Exercise data
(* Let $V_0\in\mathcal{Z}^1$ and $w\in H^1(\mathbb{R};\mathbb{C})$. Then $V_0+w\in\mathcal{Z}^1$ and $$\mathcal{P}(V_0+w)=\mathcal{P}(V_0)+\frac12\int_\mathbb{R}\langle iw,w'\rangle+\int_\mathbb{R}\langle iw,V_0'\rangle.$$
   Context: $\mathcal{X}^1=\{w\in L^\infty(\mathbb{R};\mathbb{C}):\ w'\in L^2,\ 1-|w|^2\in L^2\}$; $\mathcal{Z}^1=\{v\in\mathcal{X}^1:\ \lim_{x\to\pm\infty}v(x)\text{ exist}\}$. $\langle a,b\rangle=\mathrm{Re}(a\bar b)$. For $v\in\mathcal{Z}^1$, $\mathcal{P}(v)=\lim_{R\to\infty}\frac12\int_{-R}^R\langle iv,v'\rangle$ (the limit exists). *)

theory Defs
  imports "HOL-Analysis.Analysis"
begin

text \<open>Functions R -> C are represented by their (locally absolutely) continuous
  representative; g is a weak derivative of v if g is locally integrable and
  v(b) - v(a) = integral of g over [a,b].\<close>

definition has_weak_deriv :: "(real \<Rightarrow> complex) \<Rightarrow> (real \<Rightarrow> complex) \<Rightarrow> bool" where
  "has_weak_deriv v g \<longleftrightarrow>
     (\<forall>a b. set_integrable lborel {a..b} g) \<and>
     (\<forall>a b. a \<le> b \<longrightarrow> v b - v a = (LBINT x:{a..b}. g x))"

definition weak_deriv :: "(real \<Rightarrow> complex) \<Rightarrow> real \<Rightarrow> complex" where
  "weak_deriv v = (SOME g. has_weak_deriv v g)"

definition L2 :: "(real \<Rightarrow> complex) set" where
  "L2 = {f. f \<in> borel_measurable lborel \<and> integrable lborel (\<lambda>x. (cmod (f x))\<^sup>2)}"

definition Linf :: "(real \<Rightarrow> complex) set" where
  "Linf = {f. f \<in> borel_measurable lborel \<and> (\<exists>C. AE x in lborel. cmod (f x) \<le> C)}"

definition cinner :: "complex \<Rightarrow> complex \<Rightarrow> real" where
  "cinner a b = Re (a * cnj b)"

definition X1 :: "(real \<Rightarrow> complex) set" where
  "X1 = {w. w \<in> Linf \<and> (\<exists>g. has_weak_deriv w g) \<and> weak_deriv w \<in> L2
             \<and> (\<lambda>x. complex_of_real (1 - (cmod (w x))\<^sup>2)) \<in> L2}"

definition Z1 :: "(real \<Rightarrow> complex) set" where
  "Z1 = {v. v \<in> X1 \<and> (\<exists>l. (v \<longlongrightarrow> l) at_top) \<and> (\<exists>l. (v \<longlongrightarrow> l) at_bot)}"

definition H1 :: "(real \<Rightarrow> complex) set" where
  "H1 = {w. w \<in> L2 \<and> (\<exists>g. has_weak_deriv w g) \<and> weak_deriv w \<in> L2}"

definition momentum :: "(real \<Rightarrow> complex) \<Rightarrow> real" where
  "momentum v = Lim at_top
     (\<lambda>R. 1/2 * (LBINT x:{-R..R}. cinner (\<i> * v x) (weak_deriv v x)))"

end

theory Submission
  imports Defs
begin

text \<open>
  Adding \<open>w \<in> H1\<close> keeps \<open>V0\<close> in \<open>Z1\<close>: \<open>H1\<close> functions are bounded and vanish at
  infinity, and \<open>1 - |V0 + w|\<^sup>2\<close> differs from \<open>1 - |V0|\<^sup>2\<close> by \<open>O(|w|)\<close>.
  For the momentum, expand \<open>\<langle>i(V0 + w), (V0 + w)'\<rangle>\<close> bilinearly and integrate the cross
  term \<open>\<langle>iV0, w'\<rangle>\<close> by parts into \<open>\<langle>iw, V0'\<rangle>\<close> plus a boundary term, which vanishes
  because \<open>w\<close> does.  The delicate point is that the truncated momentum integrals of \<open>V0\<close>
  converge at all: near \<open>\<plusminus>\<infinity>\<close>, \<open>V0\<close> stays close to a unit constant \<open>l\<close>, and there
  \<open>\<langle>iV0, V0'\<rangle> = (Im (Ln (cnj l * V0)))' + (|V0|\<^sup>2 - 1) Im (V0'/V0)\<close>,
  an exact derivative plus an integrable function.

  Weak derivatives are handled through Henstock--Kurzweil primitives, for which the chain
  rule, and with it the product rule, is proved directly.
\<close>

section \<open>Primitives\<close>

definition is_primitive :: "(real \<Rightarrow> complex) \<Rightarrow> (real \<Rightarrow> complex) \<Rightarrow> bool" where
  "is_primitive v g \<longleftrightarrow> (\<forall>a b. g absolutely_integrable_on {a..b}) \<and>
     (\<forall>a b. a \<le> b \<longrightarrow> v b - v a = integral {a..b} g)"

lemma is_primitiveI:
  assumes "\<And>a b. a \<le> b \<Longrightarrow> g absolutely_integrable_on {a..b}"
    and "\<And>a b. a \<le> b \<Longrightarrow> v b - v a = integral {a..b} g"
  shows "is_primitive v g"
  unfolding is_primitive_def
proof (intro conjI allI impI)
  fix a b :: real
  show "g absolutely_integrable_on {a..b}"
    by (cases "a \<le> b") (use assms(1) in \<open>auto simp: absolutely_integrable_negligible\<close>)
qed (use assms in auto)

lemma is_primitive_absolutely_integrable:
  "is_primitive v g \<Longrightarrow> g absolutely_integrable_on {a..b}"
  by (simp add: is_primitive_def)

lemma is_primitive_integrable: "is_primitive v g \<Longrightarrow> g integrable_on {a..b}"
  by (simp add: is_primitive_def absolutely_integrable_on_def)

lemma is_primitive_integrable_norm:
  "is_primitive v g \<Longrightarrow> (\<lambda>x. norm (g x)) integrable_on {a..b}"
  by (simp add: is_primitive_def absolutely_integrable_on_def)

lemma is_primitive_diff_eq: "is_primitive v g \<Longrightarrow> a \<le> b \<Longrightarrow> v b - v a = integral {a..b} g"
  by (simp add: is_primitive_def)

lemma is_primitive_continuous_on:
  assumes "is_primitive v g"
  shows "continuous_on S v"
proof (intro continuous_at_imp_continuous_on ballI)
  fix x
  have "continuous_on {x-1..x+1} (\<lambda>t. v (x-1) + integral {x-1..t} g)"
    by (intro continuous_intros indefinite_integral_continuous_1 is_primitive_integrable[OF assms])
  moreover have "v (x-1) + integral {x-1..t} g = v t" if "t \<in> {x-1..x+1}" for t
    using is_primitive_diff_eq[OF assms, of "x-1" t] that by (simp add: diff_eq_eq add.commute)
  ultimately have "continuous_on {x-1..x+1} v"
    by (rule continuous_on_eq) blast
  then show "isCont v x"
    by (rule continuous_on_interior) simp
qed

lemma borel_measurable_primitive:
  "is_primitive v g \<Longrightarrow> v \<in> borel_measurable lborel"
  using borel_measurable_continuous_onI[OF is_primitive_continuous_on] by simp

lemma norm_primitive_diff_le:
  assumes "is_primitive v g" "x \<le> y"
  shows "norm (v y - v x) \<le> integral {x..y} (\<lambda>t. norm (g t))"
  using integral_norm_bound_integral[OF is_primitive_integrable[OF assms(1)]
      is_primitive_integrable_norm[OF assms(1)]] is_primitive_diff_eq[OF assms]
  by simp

Exercise instructions
The listing above has to be written out again in full, exactly as shown.

Completed task
(* Let $V_0\in\mathcal{Z}^1$ and $w\in H^1(\mathbb{R};\mathbb{C})$. Then $V_0+w\in\mathcal{Z}^1$ and $$\mathcal{P}(V_0+w)=\mathcal{P}(V_0)+\frac12\int_\mathbb{R}\langle iw,w'\rangle+\int_\mathbb{R}\langle iw,V_0'\rangle.$$
   Context: $\mathcal{X}^1=\{w\in L^\infty(\mathbb{R};\mathbb{C}):\ w'\in L^2,\ 1-|w|^2\in L^2\}$; $\mathcal{Z}^1=\{v\in\mathcal{X}^1:\ \lim_{x\to\pm\infty}v(x)\text{ exist}\}$. $\langle a,b\rangle=\mathrm{Re}(a\bar b)$. For $v\in\mathcal{Z}^1$, $\mathcal{P}(v)=\lim_{R\to\infty}\frac12\int_{-R}^R\langle iv,v'\rangle$ (the limit exists). *)

theory Defs
  imports "HOL-Analysis.Analysis"
begin

text \<open>Functions R -> C are represented by their (locally absolutely) continuous
  representative; g is a weak derivative of v if g is locally integrable and
  v(b) - v(a) = integral of g over [a,b].\<close>

definition has_weak_deriv :: "(real \<Rightarrow> complex) \<Rightarrow> (real \<Rightarrow> complex) \<Rightarrow> bool" where
  "has_weak_deriv v g \<longleftrightarrow>
     (\<forall>a b. set_integrable lborel {a..b} g) \<and>
     (\<forall>a b. a \<le> b \<longrightarrow> v b - v a = (LBINT x:{a..b}. g x))"

definition weak_deriv :: "(real \<Rightarrow> complex) \<Rightarrow> real \<Rightarrow> complex" where
  "weak_deriv v = (SOME g. has_weak_deriv v g)"

definition L2 :: "(real \<Rightarrow> complex) set" where
  "L2 = {f. f \<in> borel_measurable lborel \<and> integrable lborel (\<lambda>x. (cmod (f x))\<^sup>2)}"

definition Linf :: "(real \<Rightarrow> complex) set" where
  "Linf = {f. f \<in> borel_measurable lborel \<and> (\<exists>C. AE x in lborel. cmod (f x) \<le> C)}"

definition cinner :: "complex \<Rightarrow> complex \<Rightarrow> real" where
  "cinner a b = Re (a * cnj b)"

definition X1 :: "(real \<Rightarrow> complex) set" where
  "X1 = {w. w \<in> Linf \<and> (\<exists>g. has_weak_deriv w g) \<and> weak_deriv w \<in> L2
             \<and> (\<lambda>x. complex_of_real (1 - (cmod (w x))\<^sup>2)) \<in> L2}"

definition Z1 :: "(real \<Rightarrow> complex) set" where
  "Z1 = {v. v \<in> X1 \<and> (\<exists>l. (v \<longlongrightarrow> l) at_top) \<and> (\<exists>l. (v \<longlongrightarrow> l) at_bot)}"

definition H1 :: "(real \<Rightarrow> complex) set" where
  "H1 = {w. w \<in> L2 \<and> (\<exists>g. has_weak_deriv w g) \<and> weak_deriv w \<in> L2}"

definition momentum :: "(real \<Rightarrow> complex) \<Rightarrow> real" where
  "momentum v = Lim at_top
     (\<lambda>R. 1/2 * (LBINT x:{-R..R}. cinner (\<i> * v x) (weak_deriv v x)))"

end

theory Submission
  imports Defs
begin

text \<open>
  Adding \<open>w \<in> H1\<close> keeps \<open>V0\<close> in \<open>Z1\<close>: \<open>H1\<close> functions are bounded and vanish at
  infinity, and \<open>1 - |V0 + w|\<^sup>2\<close> differs from \<open>1 - |V0|\<^sup>2\<close> by \<open>O(|w|)\<close>.
  For the momentum, expand \<open>\<langle>i(V0 + w), (V0 + w)'\<rangle>\<close> bilinearly and integrate the cross
  term \<open>\<langle>iV0, w'\<rangle>\<close> by parts into \<open>\<langle>iw, V0'\<rangle>\<close> plus a boundary term, which vanishes
  because \<open>w\<close> does.  The delicate point is that the truncated momentum integrals of \<open>V0\<close>
  converge at all: near \<open>\<plusminus>\<infinity>\<close>, \<open>V0\<close> stays close to a unit constant \<open>l\<close>, and there
  \<open>\<langle>iV0, V0'\<rangle> = (Im (Ln (cnj l * V0)))' + (|V0|\<^sup>2 - 1) Im (V0'/V0)\<close>,
  an exact derivative plus an integrable function.

  Weak derivatives are handled through Henstock--Kurzweil primitives, for which the chain
  rule, and with it the product rule, is proved directly.
\<close>

section \<open>Primitives\<close>

definition is_primitive :: "(real \<Rightarrow> complex) \<Rightarrow> (real \<Rightarrow> complex) \<Rightarrow> bool" where
  "is_primitive v g \<longleftrightarrow> (\<forall>a b. g absolutely_integrable_on {a..b}) \<and>
     (\<forall>a b. a \<le> b \<longrightarrow> v b - v a = integral {a..b} g)"

lemma is_primitiveI:
  assumes "\<And>a b. a \<le> b \<Longrightarrow> g absolutely_integrable_on {a..b}"
    and "\<And>a b. a \<le> b \<Longrightarrow> v b - v a = integral {a..b} g"
  shows "is_primitive v g"
  unfolding is_primitive_def
proof (intro conjI allI impI)
  fix a b :: real
  show "g absolutely_integrable_on {a..b}"
    by (cases "a \<le> b") (use assms(1) in \<open>auto simp: absolutely_integrable_negligible\<close>)
qed (use assms in auto)

lemma is_primitive_absolutely_integrable:
  "is_primitive v g \<Longrightarrow> g absolutely_integrable_on {a..b}"
  by (simp add: is_primitive_def)

lemma is_primitive_integrable: "is_primitive v g \<Longrightarrow> g integrable_on {a..b}"
  by (simp add: is_primitive_def absolutely_integrable_on_def)

lemma is_primitive_integrable_norm:
  "is_primitive v g \<Longrightarrow> (\<lambda>x. norm (g x)) integrable_on {a..b}"
  by (simp add: is_primitive_def absolutely_integrable_on_def)

lemma is_primitive_diff_eq: "is_primitive v g \<Longrightarrow> a \<le> b \<Longrightarrow> v b - v a = integral {a..b} g"
  by (simp add: is_primitive_def)

lemma is_primitive_continuous_on:
  assumes "is_primitive v g"
  shows "continuous_on S v"
proof (intro continuous_at_imp_continuous_on ballI)
  fix x
  have "continuous_on {x-1..x+1} (\<lambda>t. v (x-1) + integral {x-1..t} g)"
    by (intro continuous_intros indefinite_integral_continuous_1 is_primitive_integrable[OF assms])
  moreover have "v (x-1) + integral {x-1..t} g = v t" if "t \<in> {x-1..x+1}" for t
    using is_primitive_diff_eq[OF assms, of "x-1" t] that by (simp add: diff_eq_eq add.commute)
  ultimately have "continuous_on {x-1..x+1} v"
    by (rule continuous_on_eq) blast
  then show "isCont v x"
    by (rule continuous_on_interior) simp
qed

lemma borel_measurable_primitive:
  "is_primitive v g \<Longrightarrow> v \<in> borel_measurable lborel"
  using borel_measurable_continuous_onI[OF is_primitive_continuous_on] by simp

lemma norm_primitive_diff_le:
  assumes "is_primitive v g" "x \<le> y"
  shows "norm (v y - v x) \<le> integral {x..y} (\<lambda>t. norm (g t))"
  using integral_norm_bound_integral[OF is_primitive_integrable[OF assms(1)]
      is_primitive_integrable_norm[OF assms(1)]] is_primitive_diff_eq[OF assms]
  by simp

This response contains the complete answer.